The sad thing is that if psychology were considered a research discipline in
the way physics was 500 years ago, it could still help people! Up through the
era of Newton and the Royal Society physics didn't even a specialized name --
it was still observational ("butterfly-collecting"); theories were mostly
simple and non-predictive. That didn't mean the people were dumb, they were
simply busy building the foundations of an edifice without any blueprints.

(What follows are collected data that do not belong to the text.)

(* Let $m\neq n$ be integers $\ge2$ and let $f\in\mathcal{R}$ be nonzero with $U_mf=\lambda_mf$ and $U_nf=\lambda_nf$. Then $f$ is an eigenfunction of $U_{mn}$, and \[\chi_f(mn)=\chi_f(m)\chi_f(n).\]
   Context: $\mathcal{R}$ denotes the real vector space of rational functions $f(x)=A(x)/B(x)$ with $A,B\in\mathbb{R}[x]$, $B(0)\neq 0$ and $\deg A<\deg B$. For $f\in\mathcal{R}$ with Taylor expansion $f(x)=\sum_{n\ge0}a_nx^n$ at $0$ and a positive integer $q$, $U_qf(x)=\sum_{n\ge 0}a_{qn}x^n$. If $U_qf=\lambda_qf$, define $\chi_f(q)=\lambda_q/|\lambda_q|$ when $\lambda_q\neq0$ and $\chi_f(q)=0$ when $\lambda_q=0$. *)

theory Defs
  imports "HOL-Computational_Algebra.Computational_Algebra"
begin

text \<open>A rational function f = A/B with B(0) \<noteq> 0 is identified with its Taylor
  expansion at 0, i.e. the formal power series A/B.  The space \<R>:\<close>
definition in_R :: "real fps \<Rightarrow> bool" where
  "in_R F \<longleftrightarrow> (\<exists>A B :: real poly. poly B 0 \<noteq> 0 \<and> degree A < degree B \<and>
                 F = fps_of_poly A / fps_of_poly B)"

definition U_op :: "nat \<Rightarrow> real fps \<Rightarrow> real fps" where
  "U_op q F = Abs_fps (\<lambda>n. F $ (q * n))"

definition is_eigen :: "nat \<Rightarrow> real fps \<Rightarrow> bool" where
  "is_eigen q F \<longleftrightarrow> F \<noteq> 0 \<and> (\<exists>c. U_op q F = fps_const c * F)"

text \<open>chi_f(q) = lambda_q/|lambda_q| (or 0 when lambda_q = 0), i.e. sgn lambda_q.\<close>
definition chi :: "real fps \<Rightarrow> nat \<Rightarrow> real" where
  "chi F q = sgn (THE c. U_op q F = fps_const c * F)"

end

theory Submission
  imports Defs
begin

text \<open>\<open>U_(mn) = U_n \<circ> U_m\<close> holds coefficientwise on all power series, so a common
  eigenfunction of \<open>U_m\<close> and \<open>U_n\<close> is one of \<open>U_(mn)\<close> with eigenvalue \<open>\<lambda>_m \<lambda>_n\<close>,
  and \<open>sgn\<close> is multiplicative.\<close>

lemma U_op_mult: "U_op (m * n) F = U_op n (U_op m F)"
  by (simp add: U_op_def fps_eq_iff mult.assoc)

lemma U_op_fps_const_mult: "U_op q (fps_const c * F) = fps_const c * U_op q F"
  by (simp add: U_op_def fps_eq_iff)

lemma U_op_mult_eigen:
  assumes "U_op m F = fps_const a * F" and "U_op n F = fps_const b * F"
  shows "U_op (m * n) F = fps_const (a * b) * F"
proof -
  have "U_op (m * n) F = fps_const a * U_op n F"
    by (simp add: U_op_mult assms(1) U_op_fps_const_mult)
  also have "\<dots> = fps_const (a * b) * F"
    by (simp add: assms(2) mult.assoc)
  finally show ?thesis .
qed

lemma chi_eq_sgn_eigenvalue:
  assumes "F \<noteq> 0" and "U_op q F = fps_const c * F"
  shows "chi F q = sgn c"
proof -
  have "(THE d. U_op q F = fps_const d * F) = c"
  proof (rule the_equality)
    fix d
    assume "U_op q F = fps_const d * F"
    with assms have "fps_const d = fps_const c"
      by (metis mult_cancel_right)
    then show "d = c" by simp
  qed (fact assms(2))
  then show ?thesis by (simp add: chi_def)
qed

theorem mainTheorem6:
  fixes f :: "real fps" and m n :: nat and lm ln :: real
  assumes "m \<noteq> n" and "m \<ge> 2" and "n \<ge> 2"
    and "in_R f" and "f \<noteq> 0"
    and "U_op m f = fps_const lm * f" and "U_op n f = fps_const ln * f"
  shows "is_eigen (m * n) f \<and> chi f (m * n) = chi f m * chi f n"
proof -
  have eigen_mn: "U_op (m * n) f = fps_const (lm * ln) * f"
    using assms(6,7) by (rule U_op_mult_eigen)
  then have "is_eigen (m * n) f"
    using assms(5) by (auto simp: is_eigen_def)
  moreover have "chi f (m * n) = chi f m * chi f n"
    using chi_eq_sgn_eigenvalue[OF assms(5) eigen_mn]
      chi_eq_sgn_eigenvalue[OF assms(5) assms(6)]
      chi_eq_sgn_eigenvalue[OF assms(5) assms(7)]
    by (simp add: sgn_mult)
  ultimately show ?thesis ..
qed

end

A few years ago I read a bunch of Sanskrit & Arabic mathematics papers from
about 500-1500 BCE. None of them contained a proof; they were essays and (in
particular the Baghdad ones) collections of observations. But they did
eventually help lead to a field of mathematics. There is no shame in that --
there is glory.

------
revelation
The original article:

[http://www.ncbi.nlm.nih.gov/pmc/articles/PMC3126111/pdf/nihm...](http://www.ncbi.nlm.nih.gov/pmc/articles/PMC3126111/pdf/nihms305179.pdf)

Browns debunking:

[http://www.physics.nyu.edu/sokal/complex_dynamics_final_clea...](http://www.physics.nyu.edu/sokal/complex_dynamics_final_clean.pdf)

There doesn't even seem to be much of any math in it. Rather they collect some
data on the one hand, use this set of differential equations describing some
random system on the other hand, and then combine the two and look at what the
system does, yielding the magic number.

That seems as sensible as normalizing my "feelings" onto a scale and putting
that into a Nest as the room temperature input.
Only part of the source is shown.